## Exercise objective
Once the line with "at_right 0. l" is found in the entries below, repeat it and each following line exactly, up to and including the line with "using assms by". Add no other lines.

+++

(* Let $\Omega\subset\mathbb{R}^2$ be open and bounded with Lipschitz boundary, let $f\in L^2(\Omega)$ be not identically zero, and for $\lambda_1,\lambda_2>0$ let $(u^*,v^* )\in BV(\Omega)\times L^2(\Omega)$ be an optimal pair for $$\min_{u\in BV(\Omega),\,v\in L^2(\Omega)}\Big\{|Du|(\Omega)+\lambda_1\|v\|_{L^1(\Omega)}+\frac{\lambda_2}{2}\|f-u-v\|_{L^2(\Omega)}^2\Big\}.$$ Then: (1) for fixed finite $\lambda_1$, $|Du^*|(\Omega)\to0$ and $v^*\to0$ in $L^1(\Omega)$ as $\lambda_2\to0$; (2) for fixed finite $\lambda_2$, $|Du^*|(\Omega)\to0$ and $v^*\to f-u^*$ in $L^2(\Omega)$ (i.e. $\|f-u^*-v^*\|_{L^2(\Omega)}\to0$) as $\lambda_1\to0$.
   Context: $|Du|(\Omega)$ denotes the total variation of $u$ and $BV(\Omega)$ the space of functions of bounded variation; $(u^*,v^* )$ depends on $(\lambda_1,\lambda_2)$. *)

theory Defs
  imports "HOL-Analysis.Analysis"
begin

type_synonym R2 = "real ^ 2"

definition partial_field :: "(R2 \<Rightarrow> R2) \<Rightarrow> 2 \<Rightarrow> R2 \<Rightarrow> R2" where
  "partial_field \<phi> i x = frechet_derivative \<phi> (at x) (axis i 1)"

definition divergence :: "(R2 \<Rightarrow> R2) \<Rightarrow> R2 \<Rightarrow> real" where
  "divergence \<phi> x = (\<Sum>i\<in>UNIV. partial_field \<phi> i x $ i)"

definition test_fields :: "R2 set \<Rightarrow> (R2 \<Rightarrow> R2) set" where
  "test_fields \<Omega> = {\<phi>. (\<forall>x. \<phi> differentiable (at x))
       \<and> (\<forall>i. continuous_on UNIV (partial_field \<phi> i))
       \<and> compact (closure {x. \<phi> x \<noteq> 0}) \<and> closure {x. \<phi> x \<noteq> 0} \<subseteq> \<Omega>
       \<and> (\<forall>x. norm (\<phi> x) \<le> 1)}"

definition total_variation :: "R2 set \<Rightarrow> (R2 \<Rightarrow> real) \<Rightarrow> ereal" where
  "total_variation \<Omega> u =
     (SUP \<phi>\<in>test_fields \<Omega>. ereal (LINT x|lebesgue_on \<Omega>. u x * divergence \<phi> x))"

definition BV :: "R2 set \<Rightarrow> (R2 \<Rightarrow> real) set" where
  "BV \<Omega> = {u. integrable (lebesgue_on \<Omega>) u \<and> total_variation \<Omega> u < \<infinity>}"

definition L2 :: "R2 set \<Rightarrow> (R2 \<Rightarrow> real) set" where
  "L2 \<Omega> = {u. u \<in> borel_measurable (lebesgue_on \<Omega>)
               \<and> integrable (lebesgue_on \<Omega>) (\<lambda>x. (u x)\<^sup>2)}"

definition lipschitz_boundary :: "R2 set \<Rightarrow> bool" where
  "lipschitz_boundary \<Omega> \<longleftrightarrow>
     (\<forall>p\<in>frontier \<Omega>. \<exists>r>0. \<exists>(R::R2 \<Rightarrow> R2) (g::real \<Rightarrow> real) (L::real). orthogonal_transformation R \<and> L-lipschitz_on UNIV g \<and>
        \<Omega> \<inter> ball p r = {x\<in>ball p r. (R (x - p)) $ 2 < g ((R (x - p)) $ 1)})"

definition energy :: "R2 set \<Rightarrow> (R2 \<Rightarrow> real) \<Rightarrow> real \<Rightarrow> real \<Rightarrow> (R2 \<Rightarrow> real) \<Rightarrow> (R2 \<Rightarrow> real) \<Rightarrow> ereal" where
  "energy \<Omega> f lam1 lam2 u v =
     total_variation \<Omega> u
     + ereal (lam1 * (LINT x|lebesgue_on \<Omega>. \<bar>v x\<bar>)
              + lam2 / 2 * (LINT x|lebesgue_on \<Omega>. (f x - u x - v x)\<^sup>2))"

definition optimal_pair :: "R2 set \<Rightarrow> (R2 \<Rightarrow> real) \<Rightarrow> real \<Rightarrow> real \<Rightarrow> (R2 \<Rightarrow> real) \<Rightarrow> (R2 \<Rightarrow> real) \<Rightarrow> bool" where
  "optimal_pair \<Omega> f lam1 lam2 u v \<longleftrightarrow> u \<in> BV \<Omega> \<and> v \<in> L2 \<Omega> \<and>
     (\<forall>u'\<in>BV \<Omega>. \<forall>v'\<in>L2 \<Omega>. energy \<Omega> f lam1 lam2 u v \<le> energy \<Omega> f lam1 lam2 u' v')"

end

theory Submission
  imports Defs
begin

text \<open>Comparing an optimal pair with the competitors \<open>(0, 0)\<close> and \<open>(0, f)\<close> bounds its
  energy by \<open>\<lambda>\<^sub>2/2 \<parallel>f\<parallel>\<^sub>2\<^sup>2\<close> and by \<open>\<lambda>\<^sub>1 \<parallel>f\<parallel>\<^sub>1\<close> respectively. Every energy term is
  nonnegative, so each of them, in particular \<open>|Du|(\<Omega>)\<close>, obeys both bounds; dividing by the
  fixed parameter leaves bounds linear in the vanishing one.\<close>

lemma zero_in_test_fields: "(\<lambda>_. 0) \<in> test_fields \<Omega>"
  unfolding test_fields_def partial_field_def by simp

lemma divergence_zero: "divergence (\<lambda>_. 0) x = 0"
  unfolding divergence_def partial_field_def by simp

lemma total_variation_nonneg: "0 \<le> total_variation \<Omega> u"
  unfolding total_variation_def
  by (rule SUP_upper2[OF zero_in_test_fields]) (simp add: divergence_zero)

lemma total_variation_zero: "total_variation \<Omega> (\<lambda>_. 0) = 0"
  unfolding total_variation_def
  using zero_in_test_fields[of \<Omega>] by (simp add: zero_ereal_def) (subst SUP_const; blast)

lemma zero_in_BV: "(\<lambda>_. 0) \<in> BV \<Omega>"
  unfolding BV_def by (simp add: total_variation_zero)

lemma zero_in_L2: "(\<lambda>_. 0) \<in> L2 \<Omega>"
  unfolding L2_def by simp

lemma optimal_pair_le_constant_competitor:
  assumes opt: "optimal_pair \<Omega> f lam1 lam2 u v" and "lam1 \<ge> 0" "lam2 \<ge> 0" "v' \<in> L2 \<Omega>"
  defines "B \<equiv> lam1 * (LINT x|lebesgue_on \<Omega>. \<bar>v' x\<bar>)
                + lam2 / 2 * (LINT x|lebesgue_on \<Omega>. (f x - v' x)\<^sup>2)"
  shows "total_variation \<Omega> u \<le> ereal B"
    and "lam1 * (LINT x|lebesgue_on \<Omega>. \<bar>v x\<bar>) \<le> B"
    and "lam2 / 2 * (LINT x|lebesgue_on \<Omega>. (f x - u x - v x)\<^sup>2) \<le> B"
proof -
  define A1 where "A1 = lam1 * (LINT x|lebesgue_on \<Omega>. \<bar>v x\<bar>)"
  define A2 where "A2 = lam2 / 2 * (LINT x|lebesgue_on \<Omega>. (f x - u x - v x)\<^sup>2)"
  have "energy \<Omega> f lam1 lam2 u v \<le> energy \<Omega> f lam1 lam2 (\<lambda>_. 0) v'"
    using opt zero_in_BV assms(4) unfolding optimal_pair_def by blast
  then have le: "total_variation \<Omega> u + ereal (A1 + A2) \<le> ereal B"
    unfolding energy_def A1_def A2_def B_def by (simp add: total_variation_zero)
  have "A1 \<ge> 0" "A2 \<ge> 0" unfolding A1_def A2_def using assms(2,3) by simp_all
  with le total_variation_nonneg[of \<Omega> u]
  show "total_variation \<Omega> u \<le> ereal B" "A1 \<le> B" "A2 \<le> B"
    by (cases "total_variation \<Omega> u"; simp)+
qed

lemma optimal_pair_bounds_linear_in_lam2:
  assumes "optimal_pair \<Omega> f lam1 lam2 u v" and "lam1 > 0" "lam2 > 0"
  defines "F \<equiv> LINT x|lebesgue_on \<Omega>. (f x)\<^sup>2"
  shows "total_variation \<Omega> u \<le> ereal (F / 2 * lam2)"
    and "(LINT x|lebesgue_on \<Omega>. \<bar>v x\<bar>) \<le> F / (2 * lam1) * lam2"
  using optimal_pair_le_constant_competitor[OF assms(1) _ _ zero_in_L2] assms(2,3)
  by (auto simp: F_def field_simps mult.commute)

lemma optimal_pair_bounds_linear_in_lam1:
  assumes "optimal_pair \<Omega> f lam1 lam2 u v" and "lam1 > 0" "lam2 > 0" "f \<in> L2 \<Omega>"
  defines "F \<equiv> LINT x|lebesgue_on \<Omega>. \<bar>f x\<bar>"
  shows "total_variation \<Omega> u \<le> ereal (F * lam1)"
    and "(LINT x|lebesgue_on \<Omega>. (f x - u x - v x)\<^sup>2) \<le> 2 * F / lam2 * lam1"
  using optimal_pair_le_constant_competitor[OF assms(1) _ _ assms(4)] assms(2,3)
  by (auto simp: F_def field_simps mult.commute)

lemma tendsto_zero_at_right_if_linearly_bounded:
  fixes g :: "real \<Rightarrow> ereal"
  assumes "\<And>l. l > 0 \<Longrightarrow> 0 \<le> g l \<and> g l \<le> ereal (C * l)"
  shows "(g \<longlongrightarrow> 0) (at_right 0)"
proof (rule tendsto_sandwich[OF _ _ tendsto_const])
  have "((\<lambda>l. C * l) \<longlongrightarrow> C * 0) (at_right (0::real))"
    by (intro tendsto_intros)
  then show "((\<lambda>l. ereal (C * l)) \<longlongrightarrow> 0) (at_right 0)"
    by (simp add: zero_ereal_def)
  have "\<forall>\<^sub>F l in at_right 0. l > (0::real)"
    by (simp add: eventually_at_right_less)
  then show "\<forall>\<^sub>F l in at_right 0. 0 \<le> g l" "\<forall>\<^sub>F l in at_right 0. g l \<le> ereal (C * l)"
    using assms by (auto elim: eventually_mono)
qed

lemma tendsto_zero_at_right_if_linearly_bounded_real:
  fixes g :: "real \<Rightarrow> real"
  assumes "\<And>l. l > 0 \<Longrightarrow> 0 \<le> g l \<and> g l \<le> C * l"
  shows "(g \<longlongrightarrow> 0) (at_right 0)"
  using tendsto_zero_at_right_if_linearly_bounded[of "\<lambda>l. ereal (g l)" C] assms
  by (simp add: zero_ereal_def)

theorem corollary5p1:
  fixes \<Omega> :: "R2 set" and f :: "R2 \<Rightarrow> real"
  assumes "open \<Omega>" and "bounded \<Omega>" and "lipschitz_boundary \<Omega>"
    and "f \<in> L2 \<Omega>" and "\<not> (AE x in lebesgue_on \<Omega>. f x = 0)"
  shows "(\<forall>lam1>0. \<forall>U V. (\<forall>lam2>0. optimal_pair \<Omega> f lam1 lam2 (U lam2) (V lam2)) \<longrightarrow>
            ((\<lambda>lam2. total_variation \<Omega> (U lam2)) \<longlongrightarrow> 0) (at_right 0) \<and>
            ((\<lambda>lam2. LINT x|lebesgue_on \<Omega>. \<bar>V lam2 x\<bar>) \<longlongrightarrow> 0) (at_right 0))
       \<and> (\<forall>lam2>0. \<forall>U V. (\<forall>lam1>0. optimal_pair \<Omega> f lam1 lam2 (U lam1) (V lam1)) \<longrightarrow>
            ((\<lambda>lam1. total_variation \<Omega> (U lam1)) \<longlongrightarrow> 0) (at_right 0) \<and>
            ((\<lambda>lam1. sqrt (LINT x|lebesgue_on \<Omega>. (f x - U lam1 x - V lam1 x)\<^sup>2)) \<longlongrightarrow> 0) (at_right 0))"
proof (intro conjI allI impI)
  define F2 where "F2 = (LINT x|lebesgue_on \<Omega>. (f x)\<^sup>2)"
  fix lam1 :: real and U V
  assume "lam1 > 0" and opt: "\<forall>lam2>0. optimal_pair \<Omega> f lam1 lam2 (U lam2) (V lam2)"
  note bounds = optimal_pair_bounds_linear_in_lam2[OF opt[rule_format] \<open>lam1 > 0\<close>, folded F2_def]
  show "((\<lambda>lam2. total_variation \<Omega> (U lam2)) \<longlongrightarrow> 0) (at_right 0)"
    by (rule tendsto_zero_at_right_if_linearly_bounded[where C = "F2 / 2"])
      (use bounds total_variation_nonneg in auto)
  show "((\<lambda>lam2. LINT x|lebesgue_on \<Omega>. \<bar>V lam2 x\<bar>) \<longlongrightarrow> 0) (at_right 0)"
    by (rule tendsto_zero_at_right_if_linearly_bounded_real[where C = "F2 / (2 * lam1)"])
      (use bounds in auto)
next
  define F1 where "F1 = (LINT x|lebesgue_on \<Omega>. \<bar>f x\<bar>)"
  fix lam2 :: real and U V
  assume "lam2 > 0" and opt: "\<forall>lam1>0. optimal_pair \<Omega> f lam1 lam2 (U lam1) (V lam1)"
  note bounds = optimal_pair_bounds_linear_in_lam1[OF opt[rule_format] _ \<open>lam2 > 0\<close> assms(4),
      folded F1_def]
  show "((\<lambda>lam1. total_variation \<Omega> (U lam1)) \<longlongrightarrow> 0) (at_right 0)"
    by (rule tendsto_zero_at_right_if_linearly_bounded[where C = F1])
      (use bounds total_variation_nonneg in auto)
  have "((\<lambda>lam1. LINT x|lebesgue_on \<Omega>. (f x - U lam1 x - V lam1 x)\<^sup>2) \<longlongrightarrow> 0) (at_right 0)"
    by (rule tendsto_zero_at_right_if_linearly_bounded_real[where C = "2 * F1 / lam2"])
      (use bounds in auto)
  from tendsto_real_sqrt[OF this]
  show "((\<lambda>lam1. sqrt (LINT x|lebesgue_on \<Omega>. (f x - U lam1 x - V lam1 x)\<^sup>2)) \<longlongrightarrow> 0) (at_right 0)"
    by simp
qed

end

+++

## Reply
  have "\<forall>\<^sub>F l in at_right 0. l > (0::real)"
    by (simp add: eventually_at_right_less)
  then show "\<forall>\<^sub>F l in at_right 0. 0 \<le> g l" "\<forall>\<^sub>F l in at_right 0. g l \<le> ereal (C * l)"
    using assms by (auto elim: eventually_mono)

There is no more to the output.